DATA:
********

(* Let $n\geq 3$, $p,q>0$ with $pq>1$, $\alpha\in(0,n)$ and $\sigma_1,\sigma_2\in[0,\alpha)$, and let $u,v$ be bounded positive solutions of $$u(x)=\int_{\mathbb{R}^n}\frac{v(y)^q}{|x-y|^{n-\alpha}|y|^{\sigma_1}}\,dy,\qquad v(x)=\int_{\mathbb{R}^n}\frac{u(y)^p}{|x-y|^{n-\alpha}|y|^{\sigma_2}}\,dy,\qquad x\in\mathbb{R}^n.$$ Then: (i) For any $\theta_1<q_0$ and $\theta_2<p_0$, there does not exist a constant $c>0$ such that either $u(x)\geq c(1+|x|)^{-\theta_1}$ (for all $x$) or $v(x)\geq c(1+|x|)^{-\theta_2}$ (for all $x$). (ii) If $u,v$ are not integrable solutions, then for any $\theta_3>q_0$ and $\theta_4>p_0$ there does not exist a constant $C>0$ such that either $u(x)\leq C(1+|x|)^{-\theta_3}$ or $v(x)\leq C(1+|x|)^{-\theta_4}$. (iii) If $u,v$ are not integrable solutions but are decaying solutions, then $u(x)\simeq|x|^{-q_0}$ and $v(x)\simeq|x|^{-p_0}$ as $|x|\to\infty$.
   Context: Define $$p_0=\frac{\alpha(1+p)-(\sigma_2+\sigma_1p)}{pq-1},\qquad q_0=\frac{\alpha(1+q)-(\sigma_1+\sigma_2q)}{pq-1},\qquad r_0=\frac{n}{q_0},\qquad s_0=\frac{n}{p_0}.$$ A positive solution $u,v$ is integrable if $u\in L^{r_0}(\mathbb{R}^n)$ and $v\in L^{s_0}(\mathbb{R}^n)$. The notation $f(x)\simeq g(x)$ means there exist constants $c,C>0$ with $cg(x)\leq f(x)\leq Cg(x)$ as $|x|\to\infty$. A positive solution is decaying if $u(x)\simeq|x|^{-\theta_1}$ and $v(x)\simeq|x|^{-\theta_2}$ for some $\theta_1,\theta_2>0$. *)

theory Defs
  imports "HOL-Analysis.Analysis"
begin

definition p0 :: "real \<Rightarrow> real \<Rightarrow> real \<Rightarrow> real \<Rightarrow> real \<Rightarrow> real" where
  "p0 \<alpha> \<sigma>1 \<sigma>2 p q = (\<alpha> * (1 + p) - (\<sigma>2 + \<sigma>1 * p)) / (p * q - 1)"

definition q0 :: "real \<Rightarrow> real \<Rightarrow> real \<Rightarrow> real \<Rightarrow> real \<Rightarrow> real" where
  "q0 \<alpha> \<sigma>1 \<sigma>2 p q = (\<alpha> * (1 + q) - (\<sigma>1 + \<sigma>2 * q)) / (p * q - 1)"

definition is_solution ::
  "real \<Rightarrow> real \<Rightarrow> real \<Rightarrow> real \<Rightarrow> real \<Rightarrow> (real^'n \<Rightarrow> real) \<Rightarrow> (real^'n \<Rightarrow> real) \<Rightarrow> bool" where
  "is_solution \<alpha> \<sigma>1 \<sigma>2 p q u v \<longleftrightarrow>
     u \<in> borel_measurable lborel \<and> v \<in> borel_measurable lborel \<and>
     (\<forall>x. ennreal (u x) = (\<integral>\<^sup>+ y. ennreal (v y powr q /
          (norm (x - y) powr (real CARD('n) - \<alpha>) * norm y powr \<sigma>1)) \<partial>lborel)) \<and>
     (\<forall>x. ennreal (v x) = (\<integral>\<^sup>+ y. ennreal (u y powr p /
          (norm (x - y) powr (real CARD('n) - \<alpha>) * norm y powr \<sigma>2)) \<partial>lborel))"

definition integrable_solution ::
  "real \<Rightarrow> real \<Rightarrow> real \<Rightarrow> real \<Rightarrow> real \<Rightarrow> (real^'n \<Rightarrow> real) \<Rightarrow> (real^'n \<Rightarrow> real) \<Rightarrow> bool" where
  "integrable_solution \<alpha> \<sigma>1 \<sigma>2 p q u v \<longleftrightarrow>
     (\<integral>\<^sup>+ x. ennreal (\<bar>u x\<bar> powr (real CARD('n) / q0 \<alpha> \<sigma>1 \<sigma>2 p q)) \<partial>lborel) < \<infinity> \<and>
     (\<integral>\<^sup>+ x. ennreal (\<bar>v x\<bar> powr (real CARD('n) / p0 \<alpha> \<sigma>1 \<sigma>2 p q)) \<partial>lborel) < \<infinity>"

definition asymp_comparable :: "('a::real_normed_vector \<Rightarrow> real) \<Rightarrow> ('a \<Rightarrow> real) \<Rightarrow> bool" where
  "asymp_comparable f g \<longleftrightarrow> (\<exists>c>0. \<exists>C>0. \<forall>\<^sub>F x in at_infinity. c * g x \<le> f x \<and> f x \<le> C * g x)"

definition decaying_solution :: "('a::real_normed_vector \<Rightarrow> real) \<Rightarrow> ('a \<Rightarrow> real) \<Rightarrow> bool" where
  "decaying_solution u v \<longleftrightarrow> (\<exists>\<theta>1>0. \<exists>\<theta>2>0.
     asymp_comparable u (\<lambda>x. norm x powr (-\<theta>1)) \<and> asymp_comparable v (\<lambda>x. norm x powr (-\<theta>2)))"

end

theory Submission
  imports Defs "HOL-Real_Asymp.Real_Asymp"
begin

text \<open>
  A weighted Riesz potential of a function that is bounded below by \<open>|y| powr -b\<close> near
  infinity is itself bounded below by \<open>|x| powr -(b + \<sigma> - \<alpha>)\<close>. Hence a lower bound
  \<open>u \<ge> c |x| powr -e\<close> passes through both equations of the system and returns as
  \<open>u \<ge> c' |x| powr -e'\<close> with \<open>q0 - e' = p q (q0 - e)\<close>: the exponent \<open>q0\<close> is a repelling
  fixed point. Since \<open>p q > 1\<close>, any \<open>e < q0\<close> is driven below \<open>0\<close>, which contradicts the
  boundedness of \<open>u\<close>; this gives (i).

  For (ii), an upper bound \<open>u \<le> C |x| powr -\<theta>\<close> with \<open>\<theta> > q0\<close> puts \<open>u\<close> in \<open>L^(n/q0)\<close>.
  Every positive solution satisfies \<open>v \<ge> c |x| powr -(n - \<alpha>)\<close>, so \<open>p0 \<ge> n - \<alpha>\<close> would give
  \<open>u \<ge> c' |x| powr -q0\<close>; hence \<open>p0 < n - \<alpha>\<close>. Splitting the Riesz kernel into a dyadic
  decomposition then yields \<open>v \<le> C' |x| powr -\<gamma>\<close> for some \<open>\<gamma> > p0\<close>, so \<open>v\<close> lies in
  \<open>L^(n/p0)\<close> and the solution is integrable.

  Part (iii) combines the two: the decay exponent of \<open>u\<close> can lie neither below nor above
  \<open>q0\<close>, and likewise for \<open>v\<close> and \<open>p0\<close>.
\<close>

section \<open>Power functions at infinity\<close>

lemma bounded_not_eventually_ge_powr:
  fixes f :: "'a::{real_normed_vector,perfect_space} \<Rightarrow> real"
  assumes "bounded (range f)" "c > 0" "e > 0"
  shows "\<not> (\<forall>\<^sub>F x in at_infinity. c * norm x powr e \<le> f x)"
proof
  assume lower: "\<forall>\<^sub>F x in at_infinity. c * norm x powr e \<le> f x"
  obtain M where M: "\<And>x. f x \<le> M"
    using assms(1) unfolding bounded_iff by (metis abs_le_D1 rangeI real_norm_def)
  have "filterlim (\<lambda>t::real. c * t powr e) at_top at_top"
    using assms by real_asymp
  then have "filterlim (\<lambda>x::'a. c * norm x powr e) at_top at_infinity"
    using filterlim_compose filterlim_norm_at_top by blast
  then have "\<forall>\<^sub>F x::'a in at_infinity. M < c * norm x powr e"
    unfolding filterlim_at_top_dense by blast
  with lower have "\<forall>\<^sub>F x::'a in at_infinity. False"
    by eventually_elim (metis M not_le order_trans)
  then show False
    using trivial_limit_at_infinity[where 'a='a] by (simp add: trivial_limit_def)
qed

lemma eventually_powr_le_powr_imp_le:
  fixes c C a b :: real
  assumes "c > 0" "C > 0"
    and le: "\<forall>\<^sub>F x::'a::{real_normed_vector,perfect_space} in at_infinity.
           c * norm x powr (-a) \<le> C * norm x powr (-b)"
  shows "b \<le> a"
proof (rule ccontr)
  assume "\<not> b \<le> a"
  have "\<forall>\<^sub>F x::'a in at_infinity. norm x > 0"
    by (auto simp: eventually_at_infinity intro: exI[of _ 1])
  with le have "\<forall>\<^sub>F x::'a in at_infinity. c / C * norm x powr (b - a) \<le> 1"
  proof eventually_elim
    case (elim x)
    have "c * norm x powr (-a) * norm x powr b \<le> C * norm x powr (-b) * norm x powr b"
      using elim by (intro mult_right_mono) auto
    then show ?case
      using elim \<open>C > 0\<close> by (simp add: powr_add[symmetric] field_simps)
  qed
  then show False
    using bounded_not_eventually_ge_powr[of "\<lambda>_. 1" "c / C" "b - a"] assms \<open>\<not> b \<le> a\<close>
    by auto
qed

lemma one_plus_powr_ge:
  fixes t \<theta> :: real
  assumes "1 \<le> t"
  shows "2 powr (-max \<theta> 0) * t powr (-max \<theta> 0) \<le> (1 + t) powr (-\<theta>)"
proof (cases "0 \<le> \<theta>")
  case True
  have "(2 * t) powr (-\<theta>) \<le> (1 + t) powr (-\<theta>)"
    using assms True by (intro powr_mono2') auto
  then show ?thesis using assms True by (simp add: powr_mult)
next
  case False
  have "1 \<le> (1 + t) powr (-\<theta>)" using assms False by (intro ge_one_powr_ge_zero) auto
  then show ?thesis using False assms by simp
qed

********

TASK STATEMENT: Set down exactly the line that holds "in at_infinity. norm" and all lines after it to the end of the data.

YOUR SOLUTION:
  have "\<forall>\<^sub>F x::'a in at_infinity. norm x > 0"
    by (auto simp: eventually_at_infinity intro: exI[of _ 1])
  with le have "\<forall>\<^sub>F x::'a in at_infinity. c / C * norm x powr (b - a) \<le> 1"
  proof eventually_elim
    case (elim x)
    have "c * norm x powr (-a) * norm x powr b \<le> C * norm x powr (-b) * norm x powr b"
      using elim by (intro mult_right_mono) auto
    then show ?case
      using elim \<open>C > 0\<close> by (simp add: powr_add[symmetric] field_simps)
  qed
  then show False
    using bounded_not_eventually_ge_powr[of "\<lambda>_. 1" "c / C" "b - a"] assms \<open>\<not> b \<le> a\<close>
    by auto
qed

lemma one_plus_powr_ge:
  fixes t \<theta> :: real
  assumes "1 \<le> t"
  shows "2 powr (-max \<theta> 0) * t powr (-max \<theta> 0) \<le> (1 + t) powr (-\<theta>)"
proof (cases "0 \<le> \<theta>")
  case True
  have "(2 * t) powr (-\<theta>) \<le> (1 + t) powr (-\<theta>)"
    using assms True by (intro powr_mono2') auto
  then show ?thesis using assms True by (simp add: powr_mult)
next
  case False
  have "1 \<le> (1 + t) powr (-\<theta>)" using assms False by (intro ge_one_powr_ge_zero) auto
  then show ?thesis using False assms by simp
qed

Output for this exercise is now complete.